O recado de Abel Ferreira

De fato, historicamente, clubes, federações, dirigentes e os próprios jogadores fizeram vistas grossas às más condições dos gramados brasileiros, negligenciando investimentos para obter campos perfeitos. Ainda hoje, no ápice do profissionalismo, dá para se contar nos dedos quantos estádios brasileiros de jogos da Série A têm gramados que merecem elogios.

Neste particular, vale lembrar uma advertência feita pelo técnico Abel Ferreira, do Palmeiras, quando os adversários que perdem no Allianz Parque sempre levantam como desculpa o fato de o Palmeiras ter a seu favor um gramado sintético.

“Quando todos os clubes do Brasil tiverem um gramado igual ao do estádio do Corinthians, poderemos falar sobre os gramados sintéticos dos outros estádios”, disse o português.

E aí ainda cabe uma ressalva: o gramado da Neo Química Arena não é 100% natural, e sim uma solução híbrida que mistura grama natural e fios sintéticos entrelaçados. Mas é, de longe, o campo de jogo que mais se assemelha ao padrão adotado nos estádios das principais ligas do mundo, especialmente as da Europa.

Não há comprovação contra o sintético

É possível imaginar também que o repúdio presente dos atletas aos gramados sintéticos tenha relação com o risco de contusões, sendo elas mais prováveis nesse tipo de piso do que na grama natural. Será mesmo verdade ou é apenas suposição?

Fifa deu autorização para a CBF e para todas as outras confederações de futebol para usar gramas artificiais no futebol / Fifa

Ainda não se viu estudo cientificamente provado que comprove essa tese. E seria muito bom se os jogadores pudessem apresentar essas estatísticas em defesa de seu argumento.

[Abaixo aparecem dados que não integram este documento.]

(* Let $X$ be a finite set, $k$ an integer with $5<k<|X|-5$, $\mathfrak{C}$ a nonempty symmetric family of choice functions for $\binom{X}{k}$, and $\mathcal{F}$ the set of simple averaging functions for $\mathfrak{C}$. (1) If $f_{r;1,2}\in\mathcal{F}$ then $f_{r;\ell,k'}\in\mathcal{F}$ for all $\ell\ne k'$ in $\{1,\dots,r\}$. (2) If $f_{r;1,2}\in\mathcal{F}$ and $r=r(\mathcal{F})\ge 3$, then $f_{r+1;1,2}\in\mathcal{F}$.
   Context: $\binom{X}{k}=\{Y\subseteq X:|Y|=k\}$; choice functions $c$ satisfy $c(Y)\in Y$. Symmetric: closed under $c\mapsto \pi*c$, $(\pi*c)(Y)=\pi^{-1}(c(\pi(Y)))$ for permutations $\pi$ of $X$. $\mathcal{F}_{[r]}$: functions $f:X^r\to X$ with $f(a,\dots,a)=a$ such that for all $c_1,\dots,c_r\in\mathfrak{C}$, $Y\mapsto f(c_1(Y),\dots,c_r(Y))$ is in $\mathfrak{C}$; $\mathcal{F}=\bigcup_r\mathcal{F}_{[r]}$. A monarchy is a projection $f(\bar x)=x_t$. $r(\mathcal{F})=\min\{r:\text{some } f\in\mathcal{F}_{[r]}\text{ is not a monarchy}\}$. For $\ell\ne k'$ in $\{1,\dots,r\}$, $f_{r;\ell,k'}:X^r\to X$ is defined by $f_{r;\ell,k'}(\bar x)=x_\ell$ if $\bar x$ has a repetition and $f_{r;\ell,k'}(\bar x)=x_{k'}$ otherwise. *)

theory Defs
  imports "HOL-Combinatorics.Permutations"
begin

definition ksubsets :: "'a set \<Rightarrow> nat \<Rightarrow> 'a set set" where
  "ksubsets X k = {Y. Y \<subseteq> X \<and> card Y = k}"

definition choice_fun :: "'a set \<Rightarrow> nat \<Rightarrow> ('a set \<Rightarrow> 'a) \<Rightarrow> bool" where
  "choice_fun X k c \<longleftrightarrow> (\<forall>Y\<in>ksubsets X k. c Y \<in> Y) \<and> c \<in> extensional (ksubsets X k)"

definition perm_act :: "'a set \<Rightarrow> nat \<Rightarrow> ('a \<Rightarrow> 'a) \<Rightarrow> ('a set \<Rightarrow> 'a) \<Rightarrow> ('a set \<Rightarrow> 'a)" where
  "perm_act X k \<pi> c = (\<lambda>Y. if Y \<in> ksubsets X k then inv \<pi> (c (\<pi> ` Y)) else undefined)"

definition symmetric_family :: "'a set \<Rightarrow> nat \<Rightarrow> ('a set \<Rightarrow> 'a) set \<Rightarrow> bool" where
  "symmetric_family X k C \<longleftrightarrow> (\<forall>c\<in>C. choice_fun X k c) \<and>
     (\<forall>\<pi> c. \<pi> permutes X \<and> c \<in> C \<longrightarrow> perm_act X k \<pi> c \<in> C)"

text \<open>X^r as lists of length r\<close>
definition tuples :: "'a set \<Rightarrow> nat \<Rightarrow> 'a list set" where
  "tuples X r = {xs. length xs = r \<and> set xs \<subseteq> X}"

definition avg_fun :: "'a set \<Rightarrow> nat \<Rightarrow> ('a set \<Rightarrow> 'a) set \<Rightarrow> nat \<Rightarrow> ('a list \<Rightarrow> 'a) \<Rightarrow> bool" where
  "avg_fun X k C r f \<longleftrightarrow> 1 \<le> r \<and>
     (\<forall>xs\<in>tuples X r. f xs \<in> X) \<and>
     (\<forall>a\<in>X. f (replicate r a) = a) \<and>
     (\<forall>cs. length cs = r \<and> set cs \<subseteq> C \<longrightarrow>
        (\<lambda>Y. if Y \<in> ksubsets X k then f (map (\<lambda>c. c Y) cs) else undefined) \<in> C)"

definition monarchy :: "'a set \<Rightarrow> nat \<Rightarrow> ('a list \<Rightarrow> 'a) \<Rightarrow> bool" where
  "monarchy X r f \<longleftrightarrow> (\<exists>t<r. \<forall>xs\<in>tuples X r. f xs = xs ! t)"

definition rF :: "'a set \<Rightarrow> nat \<Rightarrow> ('a set \<Rightarrow> 'a) set \<Rightarrow> nat" where
  "rF X k C = (LEAST r. 1 \<le> r \<and> (\<exists>f. avg_fun X k C r f \<and> \<not> monarchy X r f))"

text \<open>f_{r;l,k'} with 1-based indices l, k' (the arity r is the list length)\<close>
definition fsel :: "nat \<Rightarrow> nat \<Rightarrow> 'a list \<Rightarrow> 'a" where
  "fsel l k' xs = (if distinct xs then xs ! (k' - 1) else xs ! (l - 1))"

end

theory Submission
  imports Defs
begin

text \<open>
  Both parts are closure properties of the operations preserving \<open>C\<close>: they are closed
  under reindexing their arguments and under substitution into one another. For (1),
  \<open>f(r;l,k')\<close> is \<open>f(r;1,2)\<close> with its arguments permuted, and permuting a tuple does not
  change whether it has a repetition. For (2), when \<open>r \<ge> 3\<close> and with arguments indexed from 0,
  \<open>f(r+1;1,2)(x0,...,xr) = f(r;1,2)(x0, f(r;1,2)(x0,...,x(r-1)), f(r;2,1)(xr,x0,x2,...,x(r-1)), x2,...,x(r-2))\<close>:
  if the outer tuple is repetition free then so is \<open>x0,...,xr\<close> and both sides are \<open>x1\<close>;
  otherwise both sides are \<open>x0\<close>.
  Neither argument uses finiteness of \<open>X\<close>, the bounds on \<open>k\<close>, symmetry of \<open>C\<close> or
  the minimality \<open>r = r(F)\<close>.
\<close>

definition aggregate :: "'a set \<Rightarrow> nat \<Rightarrow> ('a list \<Rightarrow> 'a) \<Rightarrow> ('a set \<Rightarrow> 'a) list \<Rightarrow> 'a set \<Rightarrow> 'a" where
  "aggregate X k f cs = (\<lambda>Y. if Y \<in> ksubsets X k then f (map (\<lambda>c. c Y) cs) else undefined)"

definition preserves :: "'a set \<Rightarrow> nat \<Rightarrow> ('a set \<Rightarrow> 'a) set \<Rightarrow> nat \<Rightarrow> ('a list \<Rightarrow> 'a) \<Rightarrow> bool" where
  "preserves X k C r f \<longleftrightarrow> (\<forall>cs. length cs = r \<and> set cs \<subseteq> C \<longrightarrow> aggregate X k f cs \<in> C)"

lemma avg_fun_iff_preserves:
  "avg_fun X k C r f \<longleftrightarrow> 1 \<le> r \<and> (\<forall>xs\<in>tuples X r. f xs \<in> X) \<and>
     (\<forall>a\<in>X. f (replicate r a) = a) \<and> preserves X k C r f"
  by (simp add: avg_fun_def preserves_def aggregate_def)

lemma preserves_cong:
  assumes "preserves X k C r f" and "\<And>xs. length xs = r \<Longrightarrow> f xs = g xs"
  shows "preserves X k C r g"
  unfolding preserves_def
proof (intro allI impI)
  fix cs assume cs: "length cs = r \<and> set cs \<subseteq> C"
  have "aggregate X k g cs = aggregate X k f cs"
    using cs assms(2) by (simp add: aggregate_def fun_eq_iff)
  then show "aggregate X k g cs \<in> C"
    using cs assms(1) by (simp add: preserves_def)
qed

lemma preserves_reindex:
  assumes "preserves X k C (length ixs) f" and "\<forall>i\<in>set ixs. i < m"
  shows "preserves X k C m (\<lambda>xs. f (map ((!) xs) ixs))"
  unfolding preserves_def
proof (intro allI impI)
  fix cs assume cs: "length cs = m \<and> set cs \<subseteq> C"
  have "aggregate X k (\<lambda>xs. f (map ((!) xs) ixs)) cs = aggregate X k f (map ((!) cs) ixs)"
    using cs assms(2) by (auto simp: aggregate_def cong: map_cong)
  moreover have "set (map ((!) cs) ixs) \<subseteq> C"
    using cs assms(2) by auto
  ultimately show "aggregate X k (\<lambda>xs. f (map ((!) xs) ixs)) cs \<in> C"
    using assms(1) by (simp add: preserves_def)
qed

lemma preserves_compose_prefix:
  assumes "preserves X k C (length gs + m) f" and "\<forall>g\<in>set gs. preserves X k C m g"
  shows "preserves X k C m (\<lambda>xs. f (map (\<lambda>g. g xs) gs @ xs))"
  unfolding preserves_def
proof (intro allI impI)
  fix cs assume cs: "length cs = m \<and> set cs \<subseteq> C"
  have "aggregate X k (\<lambda>xs. f (map (\<lambda>g. g xs) gs @ xs)) cs
      = aggregate X k f (map (\<lambda>g. aggregate X k g cs) gs @ cs)"
    by (auto simp: aggregate_def comp_def)
  moreover have "set (map (\<lambda>g. aggregate X k g cs) gs) \<subseteq> C"
    using cs assms(2) by (auto simp: preserves_def)
  ultimately show "aggregate X k (\<lambda>xs. f (map (\<lambda>g. g xs) gs @ xs)) cs \<in> C"
    using cs assms(1) by (simp add: preserves_def)
qed

lemma fsel_in_set: "l \<in> {1..length xs} \<Longrightarrow> k' \<in> {1..length xs} \<Longrightarrow> fsel l k' xs \<in> set xs"
  by (auto simp: fsel_def)

lemma fsel_replicate:
  assumes "2 \<le> r" and "l \<in> {1..r}"
  shows "fsel l k' (replicate r a) = a"
proof -
  have "\<not> distinct (replicate r a)"
    using assms(1) by (cases r) (auto simp: Suc_le_eq)
  then show ?thesis
    using assms(2) by (auto simp: fsel_def)
qed

lemma avg_fun_fsel_iff:
  assumes "2 \<le> r" and "l \<in> {1..r}" and "k' \<in> {1..r}"
  shows "avg_fun X k C r (fsel l k') \<longleftrightarrow> preserves X k C r (fsel l k')"
proof -
  have "fsel l k' xs \<in> X" if "xs \<in> tuples X r" for xs
    using that assms(2,3) fsel_in_set[of l xs k'] by (auto simp: tuples_def)
  then show ?thesis
    using assms(1) fsel_replicate[OF assms(1,2)] by (auto simp: avg_fun_iff_preserves)
qed

lemma distinct_map_nth_iff:
  assumes "distinct ixs" and "set ixs = {..<length xs}"
  shows "distinct (map ((!) xs) ixs) \<longleftrightarrow> distinct xs"
proof -
  have "distinct (map ((!) xs) ixs) \<longleftrightarrow> inj_on ((!) xs) {..<length xs}"
    using assms by (simp add: distinct_map)
  also have "\<dots> \<longleftrightarrow> distinct xs"
    using distinct_map[of "(!) xs" "[0..<length xs]"] by (simp add: map_nth lessThan_atLeast0)
  finally show ?thesis .
qed

lemma fsel_eq_fsel_reindex:
  assumes "distinct (i # j # ixs)" and "set (i # j # ixs) = {..<length xs}"
  shows "fsel (Suc i) (Suc j) xs = fsel 1 2 (map ((!) xs) (i # j # ixs))"
  using distinct_map_nth_iff[OF assms] by (simp add: fsel_def)

lemma preserves_fsel_reindex:
  assumes "preserves X k C r (fsel 1 2)" and "i < r" and "j < r" and "i \<noteq> j"
  shows "preserves X k C r (fsel (Suc i) (Suc j))"
proof -
  define rest where "rest = filter (\<lambda>n. n \<noteq> i \<and> n \<noteq> j) [0..<r]"
  have distinct: "distinct (i # j # rest)" and set: "set (i # j # rest) = {..<r}"
    using assms(2-4) by (auto simp: rest_def)
  then have "length (i # j # rest) = r"
    using distinct_card by fastforce
  then have "preserves X k C r (\<lambda>xs. fsel 1 2 (map ((!) xs) (i # j # rest)))"
    using preserves_reindex[of X k C "i # j # rest" "fsel 1 2" r] assms(1) set by auto
  then show ?thesis
  proof (rule preserves_cong)
    fix xs :: "'a list" assume "length xs = r"
    then show "fsel 1 2 (map ((!) xs) (i # j # rest)) = fsel (Suc i) (Suc j) xs"
      using fsel_eq_fsel_reindex[of i j rest xs] distinct set by simp
  qed
qed

lemma map_nth_upt_append:
  "map ((!) (ps @ qs @ rs)) [length ps..<length ps + length qs] = qs"
  by (rule map_upt_eqI) (simp_all add: nth_append)

lemma fsel_superposition:
  "fsel 1 2 (a # b # ws @ [y, z]) =
     fsel 1 2 (a # fsel 1 2 (a # b # ws @ [y]) # fsel 2 1 (z # a # ws @ [y]) # ws)"
  by (auto simp: fsel_def)

lemma preserves_fsel_Suc:
  assumes "preserves X k C r (fsel 1 2)" and "3 \<le> r"
  shows "preserves X k C (Suc r) (fsel 1 2)"
proof -
  define g1 where "g1 xs = fsel 1 2 (map ((!) xs) [0..<r])" for xs :: "'a list"
  define g2 where "g2 xs = fsel 2 1 (map ((!) xs) (r # 0 # [2..<r]))" for xs :: "'a list"
  \<comment> \<open>\<open>h\<close> reads \<open>x0, g1 xs, g2 xs, x2, ..., x(r-2)\<close> off the list \<open>g1 xs # g2 xs # xs\<close>\<close>
  define h where "h ys = fsel 1 2 (map ((!) ys) (2 # 0 # 1 # [4..<Suc r]))" for ys :: "'a list"
  have "preserves X k C (Suc r) g1"
    unfolding g1_def using preserves_reindex[of X k C "[0..<r]"] assms(1) by simp
  moreover have "preserves X k C (Suc r) g2"
  proof -
    have "preserves X k C r (fsel 2 1)"
      using preserves_fsel_reindex[OF assms(1), of 1 0] assms(2) by (simp add: numeral_2_eq_2)
    moreover have "length (r # 0 # [2..<r]) = r"
      using assms(2) by simp
    ultimately show ?thesis
      unfolding g2_def using preserves_reindex[of X k C "r # 0 # [2..<r]" "fsel 2 1" "Suc r"] by simp
  qed
  moreover have "preserves X k C (length [g1, g2] + Suc r) h"
  proof -
    have "length (2 # 0 # 1 # [4..<Suc r]) = r"
      using assms(2) by (simp del: upt_Suc)
    then have "preserves X k C (length (2 # 0 # 1 # [4..<Suc r])) (fsel 1 2)"
      using assms(1) by (simp only:)
    then show ?thesis
      unfolding h_def by (rule preserves_reindex) auto
  qed
  ultimately have "preserves X k C (Suc r) (\<lambda>xs. h (map (\<lambda>g. g xs) [g1, g2] @ xs))"
    using preserves_compose_prefix[of X k C "[g1, g2]" "Suc r" h] by simp
  then show ?thesis
  proof (rule preserves_cong)
    fix xs :: "'a list" assume "length xs = Suc r"
    then obtain a b zs where "xs = a # b # zs" and "length zs = r - 1"
      using assms(2) by (cases xs; cases "tl xs") auto
    moreover obtain ws y z where "zs = ws @ [y, z]"
      using \<open>length zs = r - 1\<close> assms(2)
      by (cases zs rule: rev_exhaust; cases "butlast zs" rule: rev_exhaust) auto
    ultimately have xs: "xs = a # b # ws @ [y, z]" and r: "r = Suc (Suc (Suc (length ws)))"
      using assms(2) by auto
    have "g1 xs = fsel 1 2 (a # b # ws @ [y])"
      using map_nth_upt_append[of "[]" "a # b # ws @ [y]" "[z]"] xs r
      by (simp add: g1_def eval_nat_numeral del: upt_Suc)
    moreover have "g2 xs = fsel 2 1 (z # a # ws @ [y])"
      using map_nth_upt_append[of "[a, b]" "ws @ [y]" "[z]"] xs r
      by (simp add: g2_def nth_append eval_nat_numeral del: upt_Suc)
    moreover have "h (map (\<lambda>g. g xs) [g1, g2] @ xs) = fsel 1 2 (a # g1 xs # g2 xs # ws)"
      using map_nth_upt_append[of "[g1 xs, g2 xs, a, b]" ws "[y, z]"] xs r
      by (simp add: h_def eval_nat_numeral del: upt_Suc)
    ultimately show "h (map (\<lambda>g. g xs) [g1, g2] @ xs) = fsel 1 2 xs"
      unfolding xs by (simp only: fsel_superposition)
  qed
qed

theorem claim2p7:
  fixes X :: "'a set" and k :: nat and C :: "('a set \<Rightarrow> 'a) set"
  assumes "finite X" and "5 < k" and "k + 5 < card X"
    and "C \<noteq> {}" and "symmetric_family X k C"
  shows "(\<forall>r. 2 \<le> r \<and> avg_fun X k C r (fsel 1 2) \<longrightarrow>
            (\<forall>l k'. l \<in> {1..r} \<and> k' \<in> {1..r} \<and> l \<noteq> k' \<longrightarrow> avg_fun X k C r (fsel l k')))
       \<and> (\<forall>r. 2 \<le> r \<and> avg_fun X k C r (fsel 1 2) \<and> r = rF X k C \<and> 3 \<le> r \<longrightarrow>
            avg_fun X k C (r + 1) (fsel 1 2))"
proof (intro conjI allI impI; elim conjE)
  fix r l k'
  assume r: "2 \<le> r" and f12: "avg_fun X k C r (fsel 1 2)"
    and l: "l \<in> {1..r}" and k': "k' \<in> {1..r}" and "l \<noteq> k'"
  have "preserves X k C r (fsel 1 2)"
    using f12 avg_fun_fsel_iff[of r 1 2 X k C] r by simp
  then have "preserves X k C r (fsel (Suc (l - 1)) (Suc (k' - 1)))"
    by (rule preserves_fsel_reindex) (use l k' \<open>l \<noteq> k'\<close> in auto)
  then show "avg_fun X k C r (fsel l k')"
    using avg_fun_fsel_iff[OF r l k', of X k C] l k' by simp
next
  fix r
  assume "2 \<le> r" and "avg_fun X k C r (fsel 1 2)" and "3 \<le> r"
  then have "preserves X k C (Suc r) (fsel 1 2)"
    using preserves_fsel_Suc avg_fun_fsel_iff[of r 1 2 X k C] by auto
  then show "avg_fun X k C (r + 1) (fsel 1 2)"
    using avg_fun_fsel_iff[of "Suc r" 1 2 X k C] \<open>2 \<le> r\<close> by simp
qed

end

Um levantamento criterioso ajudaria a legitimar sua reivindicação.

Fora isso há o componente técnico, muito reclamado aqui e acolá. Parece haver um consenso entre todos os atores do futebol que o piso sintético exige uma adaptação maior para o tempo de bola e a dinâmica do jogo.

Se isso é fato, logo têm vantagem as equipes que treinam e mandam seus jogos em gramados assim. Talvez o sucesso do Palmeiras no Allianz Parque possa ser a causa dessa reclamação.

Jogadores são protagonistas

Mas essa não nos parece uma ideia definitiva, que se aplique a todos os casos, pois senão o Atlético Paranaense, por exemplo, um dos primeiros a aderir ao piso sintético, já teria sido campeão do Brasil e da Libertadores.

Diante desses argumentos, e dos contra-argumentos que por certo irão surgir, o saldo positivo dessa polêmica é a manifestação conjunta dos atletas, enfim unidos por um objetivo maior, acima das rivalidades e diferenças pessoais.

Acusados de serem egocêntricos, distantes das lutas da categoria, ausentes dos sindicatos, os jogadores de futebol do Brasil sempre foram vistos como seres alienados, mais preocupados com a fama, a idolatria e a conta bancária. Hoje, finalmente, eles se apresentam ao mundo do futebol como protagonistas de cena, e não mais meros figurantes à mercê dos interesses de terceiros. Só por isso essa luta não pode ser ignorada e merece o nosso aplauso.